Flask web server on Raspberry Pi - Time & Space Complexity
When running a Flask web server on a Raspberry Pi, it is important to understand how the server handles requests as more users connect.
We want to know how the time to respond grows when more requests come in.
Analyze the time complexity of the following Flask server code snippet.
from flask import Flask
app = Flask(__name__)
@app.route('/')
def home():
return 'Hello from Raspberry Pi!'
if __name__ == '__main__':
app.run(host='0.0.0.0', port=5000)
This code starts a simple Flask web server that responds with a greeting message to each request at the home page.
Identify the loops, recursion, array traversals that repeat.
- Primary operation: Handling each incoming web request one by one.
- How many times: Once per request, repeated as many times as users connect.
Each new user request causes the server to run the handler function once.
| Input Size (n requests) | Approx.
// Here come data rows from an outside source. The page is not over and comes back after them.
(*
  Some player i has two actions in the support of wv i, so one of them, l, has weight at most
  1/2. If player i plays l throughout a batch, its empirical distribution is the point mass at l,
  at L1-distance 2 (1 - wv i l) >= 1 > delta from wv i, and its test fires. As long as no test
  has fired, everybody follows wv; so, whatever happened before, a batch consists entirely of a
  fixed profile a with wv-positive entries and a ! i = l with probability
  alarm_prob = (prod_j wv j (a ! j))^L > 0. Hence no test fires in the first n batches with
  probability at most (1 - alarm_prob)^n, which tends to 0.
*)

lemma batch_test_cong:
  assumes "\<And>t. t \<in> {L*k..<L*(k+1)} \<Longrightarrow> A t = A' t"
  shows "batch_test L K \<delta> w A i k = batch_test L K \<delta> w A' i k"
proof -
  have "emp_freq L A i k l = emp_freq L A' i k l" for l
    unfolding emp_freq_def using assms by (auto intro!: sum.cong)
  then show ?thesis unfolding batch_test_def by simp
qed

lemma kappa_less_infinity_iff:
  "kappa N L K \<delta> w A < \<infinity> \<longleftrightarrow> (\<exists>i<N. \<exists>k. batch_test L K \<delta> w A i k)"
  unfolding kappa_def INF_less_iff by auto

lemma mixed_le_one:
  assumes "mixed K \<sigma>"
  shows "\<sigma> l \<le> 1"
proof (cases "l < K")
  case True
  then have "\<sigma> l \<le> (\<Sum>l'<K. \<sigma> l')"
    using assms unfolding mixed_def by (intro member_le_sum) auto
  then show ?thesis using assms unfolding mixed_def by simp
qed (use assms in \<open>auto simp: mixed_def\<close>)

lemma mixed_ex_positive:
  assumes "mixed K \<sigma>"
  shows "\<exists>l<K. 0 < \<sigma> l"
proof (rule ccontr)
  assume "\<not> ?thesis"
  then have "\<forall>l<K. \<sigma> l = 0" using assms unfolding mixed_def by (auto simp: le_less)
  then show False using assms unfolding mixed_def by simp
qed

lemma mixed_ex_small_positive:
  assumes "mixed K \<sigma>" and "l0 K \<sigma> \<ge> 2"
  shows "\<exists>l<K. 0 < \<sigma> l \<and> \<sigma> l \<le> 1/2"
proof -
  obtain l1 l2 where l12: "l1 \<noteq> l2" "{l1, l2} \<subseteq> {l\<in>{..<K}. \<sigma> l \<noteq> 0}"
    using assms(2) unfolding l0_def numeral_2_eq_2 card_le_Suc_iff by fastforce
  then have positive: "0 < \<sigma> l1" "0 < \<sigma> l2"
    using assms(1) unfolding mixed_def by (auto simp: less_le)
  have "\<sigma> l1 + \<sigma> l2 = (\<Sum>l\<in>{l1, l2}. \<sigma> l)" using l12(1) by simp
  also have "\<dots> \<le> (\<Sum>l<K. \<sigma> l)"
    using l12(2) assms(1) unfolding mixed_def by (intro sum_mono2) auto
  also have "\<dots> = 1" using assms(1) unfolding mixed_def by simp
  finally show ?thesis using l12(2) positive by (cases "\<sigma> l1 \<le> 1/2") auto
qed
lemma recoverable_pair:
  fixes amp :: "(nat \<Rightarrow> 'a::{zero,plus,finite}) \<Rightarrow> (nat \<Rightarrow> 'a) \<Rightarrow> complex"
  assumes "recoverable N J k amp" and s: "s \<in> Vn k" "s' \<in> Vn k" "s \<noteq> s'"
  obtains Ks where
    "\<And>\<alpha> \<beta>. apply_channel J Ks (reduced N J (\<lambda>x. \<alpha> * amp s x + \<beta> * amp s' x)) s s = \<alpha> * cnj \<alpha>"
    "\<And>\<alpha> \<beta>. apply_channel J Ks (reduced N J (\<lambda>x. \<alpha> * amp s x + \<beta> * amp s' x)) s s' = \<alpha> * cnj \<beta>"
proof -
  obtain Ks where out: "\<And>phi t t'. t \<in> Vn k \<Longrightarrow> t' \<in> Vn k \<Longrightarrow>
      apply_channel J Ks (reduced N J (\<lambda>x. \<Sum>v\<in>Vn k. phi v * amp v x)) t t' = phi t * cnj (phi t')"
    using assms(1) unfolding recoverable_def by blast
  define phi where "phi \<alpha> \<beta> v = (if v = s then \<alpha> else if v = s' then \<beta> else (0::complex))" for \<alpha> \<beta> v
  have eq: "(\<lambda>x. \<Sum>v\<in>Vn k. phi \<alpha> \<beta> v * amp v x) = (\<lambda>x. \<alpha> * amp s x + \<beta> * amp s' x)" for \<alpha> \<beta>
  proof
    fix x
    have "(\<Sum>v\<in>Vn k. phi \<alpha> \<beta> v * amp v x)
        = (\<Sum>v\<in>Vn k. (if v = s then \<alpha> * amp s x else 0) + (if v = s' then \<beta> * amp s' x else 0))"
      using s(3) by (intro sum.cong) (auto simp: phi_def)
    then show "(\<Sum>v\<in>Vn k. phi \<alpha> \<beta> v * amp v x) = \<alpha> * amp s x + \<beta> * amp s' x"
      using s finite_lab[of "{0..<k}", where 'a = 'a] by (simp add: sum.distrib)
  qed
  have at_s: "phi \<alpha> \<beta> s = \<alpha>" "phi \<alpha> \<beta> s' = \<beta>" for \<alpha> \<beta>
    using s(3) by (simp_all add: phi_def)
  show ?thesis
  proof (rule that)
    show "apply_channel J Ks (reduced N J (\<lambda>x. \<alpha> * amp s x + \<beta> * amp s' x)) s s = \<alpha> * cnj \<alpha>"
      for \<alpha> \<beta> using out[of s s "phi \<alpha> \<beta>"] s(1) by (simp only: eq at_s)
    show "apply_channel J Ks (reduced N J (\<lambda>x. \<alpha> * amp s x + \<beta> * amp s' x)) s s' = \<alpha> * cnj \<beta>"
      for \<alpha> \<beta> using out[of s s' "phi \<alpha> \<beta>"] s(1,2) by (simp only: eq at_s)
  qed
qed

lemma reduced_shift:
  fixes \<psi> :: "(nat \<Rightarrow> 'a::group_add) \<Rightarrow> complex"
  assumes c: "c \<in> lab ({0..<N} - J)"
  shows "reduced N J (\<lambda>x. \<psi> (x + c)) = reduced N J \<psi>"
proof (intro ext)
  fix a a'
  show "reduced N J (\<lambda>x. \<psi> (x + c)) a a' = reduced N J \<psi> a a'"
    unfolding reduced_def vadd_eq
    by (rule sum.reindex_bij_witness[of _ "\<lambda>b. b - c" "\<lambda>b. b + c"])
      (auto simp: add.assoc intro: lab_add lab_diff c)
qed

lemma not_recoverable_if_shift:
  fixes amp :: "(nat \<Rightarrow> 'a::{group_add,finite}) \<Rightarrow> (nat \<Rightarrow> 'a) \<Rightarrow> complex"
  assumes s: "s \<in> Vn k" "s' \<in> Vn k" "s \<noteq> s'" and c: "c \<in> lab ({0..<N} - J)"
    and shift: "\<And>x. amp s (x + c) = amp s' x"
  shows "\<not> recoverable N J k amp"
proof
  assume "recoverable N J k amp"
  then obtain Ks where out: "\<And>\<alpha> \<beta>.
      apply_channel J Ks (reduced N J (\<lambda>x. \<alpha> * amp s x + \<beta> * amp s' x)) s s = \<alpha> * cnj \<alpha>"
    using recoverable_pair[OF _ s] by metis
  have "reduced N J (amp s) = reduced N J (amp s')"
    using reduced_shift[OF c, of "amp s"] shift by simp
  then show False
    using out[of 1 0] out[of 0 1] by simp
qed

lemma reduced_sum_eq_reduced_diff:
  assumes orth: "\<And>x x'. (\<forall>i. i \<notin> J \<longrightarrow> x i = x' i) \<Longrightarrow> \<psi> x * \<phi> x' = 0"
    and a: "a \<in> lab J" "a' \<in> lab J"
  shows "reduced N J (\<lambda>x. \<psi> x + \<phi> x) a a' = reduced N J (\<lambda>x. \<psi> x - \<phi> x) a a'"
  unfolding reduced_def vadd_eq
proof (rule sum.cong[OF refl])
  fix b
  have "\<forall>i. i \<notin> J \<longrightarrow> (a + b) i = (a' + b) i" "\<forall>i. i \<notin> J \<longrightarrow> (a' + b) i = (a + b) i"
    using a by (simp_all add: lab_def)
  then have "\<psi> (a + b) * \<phi> (a' + b) = 0" "\<psi> (a' + b) * \<phi> (a + b) = 0"
    by (simp_all only: orth)
  then have "\<psi> (a + b) * cnj (\<phi> (a' + b)) = 0" "\<phi> (a + b) * cnj (\<psi> (a' + b)) = 0"
    by auto
  moreover have "(\<psi> (a + b) + \<phi> (a + b)) * cnj (\<psi> (a' + b) + \<phi> (a' + b))
      = (\<psi> (a + b) - \<phi> (a + b)) * cnj (\<psi> (a' + b) - \<phi> (a' + b))
        + 2 * (\<psi> (a + b) * cnj (\<phi> (a' + b))) + 2 * (\<phi> (a + b) * cnj (\<psi> (a' + b)))"
    by (simp add: algebra_simps)
  ultimately show "(\<psi> (a + b) + \<phi> (a + b)) * cnj (\<psi> (a' + b) + \<phi> (a' + b))
    = (\<psi> (a + b) - \<phi> (a + b)) * cnj (\<psi> (a' + b) - \<phi> (a' + b))"
    by (simp only: mult_zero_right add_0_right)
qed

lemma not_recoverable_if_environment_distinguishes:
  fixes amp :: "(nat \<Rightarrow> 'a::{zero,plus,finite}) \<Rightarrow> (nat \<Rightarrow> 'a) \<Rightarrow> complex"
  assumes s: "s \<in> Vn k" "s' \<in> Vn k" "s \<noteq> s'"
    and orth: "\<And>x x'. (\<forall>i. i \<notin> J \<longrightarrow> x i = x' i) \<Longrightarrow> amp s x * amp s' x' = 0"
  shows "\<not> recoverable N J k amp"
proof
  assume "recoverable N J k amp"
  then obtain Ks where out: "\<And>\<alpha> \<beta>.
      apply_channel J Ks (reduced N J (\<lambda>x. \<alpha> * amp s x + \<beta> * amp s' x)) s s' = \<alpha> * cnj \<beta>"
    using recoverable_pair[OF _ s] by metis
  have "apply_channel J Ks (reduced N J (\<lambda>x. amp s x + amp s' x)) s s'
      = apply_channel J Ks (reduced N J (\<lambda>x. amp s x - amp s' x)) s s'"
    by (rule apply_channel_cong) (rule reduced_sum_eq_reduced_diff[OF orth])
  then show False
    using out[of 1 1] out[of 1 "- 1"] by simp
qed

(* Indexed by a list ms enumerating the labels on J: the Kraus operators |t><w t + m| for m in M
   read the secret off the J-part of a label, and the operators |0><a| for the labels a not of
   this form make the channel trace preserving. *)
definition decode_kraus :: "nat \<Rightarrow> ((nat \<Rightarrow> 'a) \<Rightarrow> nat \<Rightarrow> 'a) \<Rightarrow> (nat \<Rightarrow> 'a) set \<Rightarrow>
    (nat \<Rightarrow> 'a::{zero,plus}) \<Rightarrow> (nat \<Rightarrow> 'a) \<Rightarrow> (nat \<Rightarrow> 'a) \<Rightarrow> complex" where
  "decode_kraus k w M m t a = of_bool (t \<in> Vn k \<and> m \<in> M \<and> a = w t + m)"

definition discard_kraus :: "nat \<Rightarrow> ((nat \<Rightarrow> 'a) \<Rightarrow> nat \<Rightarrow> 'a) \<Rightarrow> (nat \<Rightarrow> 'a) set \<Rightarrow>
    (nat \<Rightarrow> 'a::{zero,plus}) \<Rightarrow> (nat \<Rightarrow> 'a) \<Rightarrow> (nat \<Rightarrow> 'a) \<Rightarrow> complex" where
  "discard_kraus k w M m t a = of_bool (t = 0 \<and> a = m \<and> (\<forall>u\<in>Vn k. \<forall>m'\<in>M. a \<noteq> w u + m'))"

definition decoder :: "nat \<Rightarrow> ((nat \<Rightarrow> 'a) \<Rightarrow> nat \<Rightarrow> 'a) \<Rightarrow> (nat \<Rightarrow> 'a) set \<Rightarrow>
    (nat \<Rightarrow> 'a::{zero,plus}) list \<Rightarrow>
    ((nat \<Rightarrow> 'a) \<Rightarrow> (nat \<Rightarrow> 'a) \<Rightarrow> complex) list" where
  "decoder k w M ms = map (decode_kraus k w M) ms @ map (discard_kraus k w M) ms"

lemma sum_list_decoder:
  "distinct ms \<Longrightarrow> (\<Sum>K\<leftarrow>decoder k w M ms. f K)
    = (\<Sum>m\<in>set ms. f (decode_kraus k w M m)) + (\<Sum>m\<in>set ms. f (discard_kraus k w M m))"
  by (simp add: decoder_def sum_list_distinct_conv_sum_set)
lemma jacobiJ_eq_power_mult_sum_reversed:
  assumes "z \<noteq> 1"
  shows "jacobiJ N \<alpha> \<beta> z = ((z - 1) / 2) ^ N * (\<Sum>k\<le>N. jacobi_coeff N \<alpha> \<beta> (N - k) * (2 / (z - 1)) ^ k)"
proof -
  have "jacobiJ N \<alpha> \<beta> z = (\<Sum>k\<le>N. jacobi_coeff N \<alpha> \<beta> (N - k) * ((z - 1) / 2) ^ (N - k))"
    unfolding jacobiJ_eq_sum_coeff atMost_atLeast0
    using sum.atLeastAtMost_rev[of "\<lambda>j. jacobi_coeff N \<alpha> \<beta> j * ((z - 1) / 2) ^ j" 0 N] by simp
  also have "\<dots> = (\<Sum>k\<le>N. ((z - 1) / 2) ^ N * (jacobi_coeff N \<alpha> \<beta> (N - k) * (2 / (z - 1)) ^ k))"
    using assms by (intro sum.cong refl) (simp add: power_diff power_divide field_simps)
  finally show ?thesis by (simp add: sum_distrib_left)
qed

lemma jacobiJ_eq_power_mult_sum_weight:
  assumes "z \<noteq> 1"
  shows "jacobiJ n \<alpha> \<beta> z = ((z - 1) / 2) ^ n * (\<Sum>j\<le>n. jacobi_weight n \<alpha> \<beta> j * (1 + 2 / (z - 1)) ^ (n - j))"
proof -
  have "((z - 1) / 2) ^ j * ((z + 1) / 2) ^ (n - j) = ((z - 1) / 2) ^ n * (1 + 2 / (z - 1)) ^ (n - j)"
    if "j \<le> n" for j
  proof -
    have "(z + 1) / 2 = (z - 1) / 2 * (1 + 2 / (z - 1))" using assms by (simp add: field_simps)
    then have "((z - 1) / 2) ^ j * ((z + 1) / 2) ^ (n - j)
        = ((z - 1) / 2) ^ (j + (n - j)) * (1 + 2 / (z - 1)) ^ (n - j)"
      by (simp only: power_mult_distrib power_add mult.assoc)
    then show ?thesis using that by simp
  qed
  then show ?thesis
    unfolding jacobiJ_eq_sum_weight sum_distrib_left
    by (intro sum.cong refl) (simp add: mult_ac)
qed

lemma halfBranchPow_mult_jacobiJ_diff_eq:
  fixes a b :: rat and n M :: nat and z :: complex
  assumes ab: "a + b \<in> \<int>" and M: "int M = int n + \<lfloor>a + b\<rfloor>" and z: "norm z > 3"
  shows "halfBranchPow a b z * jacobiJ n (of_rat a) (of_rat b) z - jacobiJ M (- of_rat a) (- of_rat b) z
       = ((z - 1) / 2) ^ M * jacobi_defect n M (of_rat a) (of_rat b) (2 / (z - 1))"
proof -
  define t where "t = (z - 1) / 2"
  define q where "q = 1 + 2 / (z - 1)"
  have z1: "z \<noteq> 1" using z by auto
  have "z + 1 \<noteq> 0"
  proof
    assume "z + 1 = 0"
    then have "z = -1" by (simp add: eq_neg_iff_add_eq_0)
    with z show False by simp
  qed
  with z1 have t0: "t \<noteq> 0" and q0: "q \<noteq> 0" by (auto simp: t_def q_def field_simps)
  have powers: "t powi \<lfloor>a + b\<rfloor> * t ^ n = t ^ M"
    using t0 by (simp add: power_int_add[symmetric] M add.commute flip: power_int_of_nat)
  have summand: "q powr of_rat b * (jacobi_weight n (of_rat a) (of_rat b) j * q ^ (n - j))
      = jacobi_weight n (of_rat a) (of_rat b) j * q powr (of_rat b + of_nat (n - j))" for j
    by (simp only: powr_add powr_nat'[OF disjI1[OF q0]] mult_ac)
  have "halfBranchPow a b z * jacobiJ n (of_rat a) (of_rat b) z
      = (t powi \<lfloor>a + b\<rfloor> * t ^ n)
        * (q powr of_rat b * (\<Sum>j\<le>n. jacobi_weight n (of_rat a) (of_rat b) j * q ^ (n - j)))"
    unfolding halfBranchPow_eq[OF ab z] jacobiJ_eq_power_mult_sum_weight[OF z1] t_def q_def
    by (simp only: mult_ac)
  also have "\<dots> = t ^ M * (\<Sum>j\<le>n. jacobi_weight n (of_rat a) (of_rat b) j * q powr (of_rat b + of_nat (n - j)))"
    unfolding powers sum_distrib_left summand ..
  finally have "halfBranchPow a b z * jacobiJ n (of_rat a) (of_rat b) z
      = t ^ M * (\<Sum>j\<le>n. jacobi_weight n (of_rat a) (of_rat b) j * q powr (of_rat b + of_nat (n - j)))" .
  then show ?thesis
    by (simp add: jacobiJ_eq_power_mult_sum_reversed[OF z1] jacobi_defect_def t_def q_def right_diff_distrib)
qed

lemma bigo_at_infinity_divide_diff:
  fixes c a :: "'a :: real_normed_field"
  shows "(\<lambda>z. c / (z - a)) \<in> O[at_infinity](\<lambda>z. inverse z)"
proof (rule bigoI[where c = "2 * norm c"])
  have "eventually (\<lambda>z. norm z \<ge> 2 * norm a + 1) (at_infinity :: 'a filter)"
    by (auto simp: eventually_at_infinity)
  then show "eventually (\<lambda>z. norm (c / (z - a)) \<le> 2 * norm c * norm (inverse z)) at_infinity"
  proof eventually_elim
    case (elim z)
    have "norm a \<ge> 0" by simp
    then have pos: "norm z > 0" and half: "norm z / 2 \<le> norm (z - a)"
      using elim norm_triangle_ineq2[of z a] by linarith+
    have "norm (c / (z - a)) = norm c / norm (z - a)" by (simp add: norm_divide)
    also have "\<dots> \<le> norm c / (norm z / 2)"
      using pos half by (intro divide_left_mono mult_pos_pos) auto
    also have "\<dots> = 2 * norm c * norm (inverse z)" by (simp add: norm_inverse norm_divide field_simps)
    finally show ?case .
  qed
qed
Operations |
|---|---|
| 10 | 10 handler calls |
| 100 | 100 handler calls |
| 1000 | 1000 handler calls |
Pattern observation: The number of operations grows directly with the number of requests.
Time Complexity: O(n)
This means the server work grows linearly with the number of requests it handles.
[X] Wrong: "The server handles all requests instantly no matter how many come in."
[OK] Correct: Each request takes some time to process, so more requests mean more total work and longer total time.
Understanding how a web server handles requests helps you explain real-world system behavior clearly and confidently.
What if the server handled multiple requests at the same time using threads? How would the time complexity change?